_Exercise description_: Scan the lines below; pull out those with "open".

(Items listed in a dataset)
(* For every density matrix $\rho_{AB}$ on a finite-dimensional space $\mathcal H_A\otimes\mathcal H_B$, $\mu_{\mathrm{ent}}(\rho_{AB})=0$ if and only if $\rho_{AB}$ is separable, i.e., $\rho_{AB}=\sum_i p_i\,\tau_A^{(i)}\otimes\tau_B^{(i)}$ for some probability weights $p_i$ and density matrices $\tau_A^{(i)},\tau_B^{(i)}$.
   Context: For a bipartite density matrix $\rho_{AB}$ with reduced states $\rho_A,\rho_B$, the maximal correlation is $\mu(\rho_{AB})=\max |\mathrm{tr}(\rho_{AB}\, X_A\otimes Y_B^\dagger)|$ over $X_A\in\mathbf L(\mathcal H_A)$, $Y_B\in\mathbf L(\mathcal H_B)$ with $\mathrm{tr}(\rho_A X_A)=\mathrm{tr}(\rho_B Y_B)=0$ and $\mathrm{tr}(\rho_A X_AX_A^\dagger)=\mathrm{tr}(\rho_B Y_BY_B^\dagger)=1$. The maximal entanglement is $\mu_{\mathrm{ent}}(\rho_{AB})=\inf \max_i \mu(\tau^{(i)}_{AB})$, the infimum over all decompositions $\rho_{AB}=\sum_i p_i\tau^{(i)}_{AB}$ with $p_i\ge0$ and $\tau^{(i)}_{AB}$ density matrices. *)

theory Defs
  imports "HOL-Analysis.Analysis"
begin

text \<open>Operators on a finite-dimensional Hilbert space with orthonormal basis indexed by a
finite type are represented as complex square matrices of type complex^'n::finite^'n.
The bipartite space H_A tensor H_B has basis indexed by 'a \<times> 'b.\<close>

definition mtrace :: "complex^'n::finite^'n \<Rightarrow> complex" where
  "mtrace A = (\<Sum>i\<in>UNIV. A $ i $ i)"

definition madj :: "complex^'n::finite^'n \<Rightarrow> complex^'n::finite^'n" where
  "madj A = (\<chi> i j. cnj (A $ j $ i))"

definition psd :: "complex^'n::finite^'n \<Rightarrow> bool" where
  "psd A \<longleftrightarrow> (\<forall>v::complex^'n.
     (let q = (\<Sum>i\<in>UNIV. \<Sum>j\<in>UNIV. cnj (v $ i) * A $ i $ j * v $ j)
      in Im q = 0 \<and> Re q \<ge> 0))"

definition density :: "complex^'n::finite^'n \<Rightarrow> bool" where
  "density A \<longleftrightarrow> psd A \<and> mtrace A = 1"

definition tensor :: "complex^'a^'a \<Rightarrow> complex^'b^'b \<Rightarrow> complex^('a::finite\<times>'b::finite)^('a\<times>'b)" where
  "tensor A B = (\<chi> r s. A $ fst r $ fst s * B $ snd r $ snd s)"

definition ptraceB :: "complex^('a::finite\<times>'b::finite)^('a\<times>'b) \<Rightarrow> complex^'a^'a" where
  "ptraceB R = (\<chi> i k. \<Sum>j\<in>UNIV. R $ (i,j) $ (k,j))"

definition ptraceA :: "complex^('a::finite\<times>'b::finite)^('a\<times>'b) \<Rightarrow> complex^'b^'b" where
  "ptraceA R = (\<chi> j l. \<Sum>i\<in>UNIV. R $ (i,j) $ (i,l))"

text \<open>The maximum is taken as a supremum; 0 is inserted so that the
value is 0 (convention max of the empty set = 0) when no feasible X, Y exist (e.g. a
one-dimensional factor). All values in the set are nonnegative, so otherwise nothing changes.\<close>
definition maxcorr :: "complex^('a::finite\<times>'b::finite)^('a\<times>'b) \<Rightarrow> real" where
  "maxcorr R = Sup (insert 0 {cmod (mtrace (R ** tensor X (madj Y))) | X Y.
      mtrace (ptraceB R ** X) = 0 \<and> mtrace (ptraceA R ** Y) = 0 \<and>
      mtrace (ptraceB R ** (X ** madj X)) = 1 \<and> mtrace (ptraceA R ** (Y ** madj Y)) = 1})"

definition maxent :: "complex^('a::finite\<times>'b::finite)^('a\<times>'b) \<Rightarrow> real" where
  "maxent R = Inf {Max ((\<lambda>i. maxcorr (\<tau> i)) ` {..<n}) | (n::nat) p \<tau>.
      (\<forall>i<n. p i \<ge> (0::real) \<and> density (\<tau> i)) \<and>
      R = (\<Sum>i<n. p i *\<^sub>R \<tau> i)}"

definition separable :: "complex^('a::finite\<times>'b::finite)^('a\<times>'b) \<Rightarrow> bool" where
  "separable R \<longleftrightarrow> (\<exists>(n::nat) (p::nat \<Rightarrow> real) (tA::nat \<Rightarrow> complex^'a^'a) (tB::nat \<Rightarrow> complex^'b^'b).
      (\<forall>i<n. p i \<ge> 0 \<and> density (tA i) \<and> density (tB i)) \<and> (\<Sum>i<n. p i) = 1 \<and>
      R = (\<Sum>i<n. p i *\<^sub>R tensor (tA i) (tB i)))"

end

theory Submission
  imports Defs
begin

_Solution to this problem_:
text \<open>Operators on a finite-dimensional Hilbert space with orthonormal basis indexed by a
text \<open>The maximum is taken as a supremum; 0 is inserted so that the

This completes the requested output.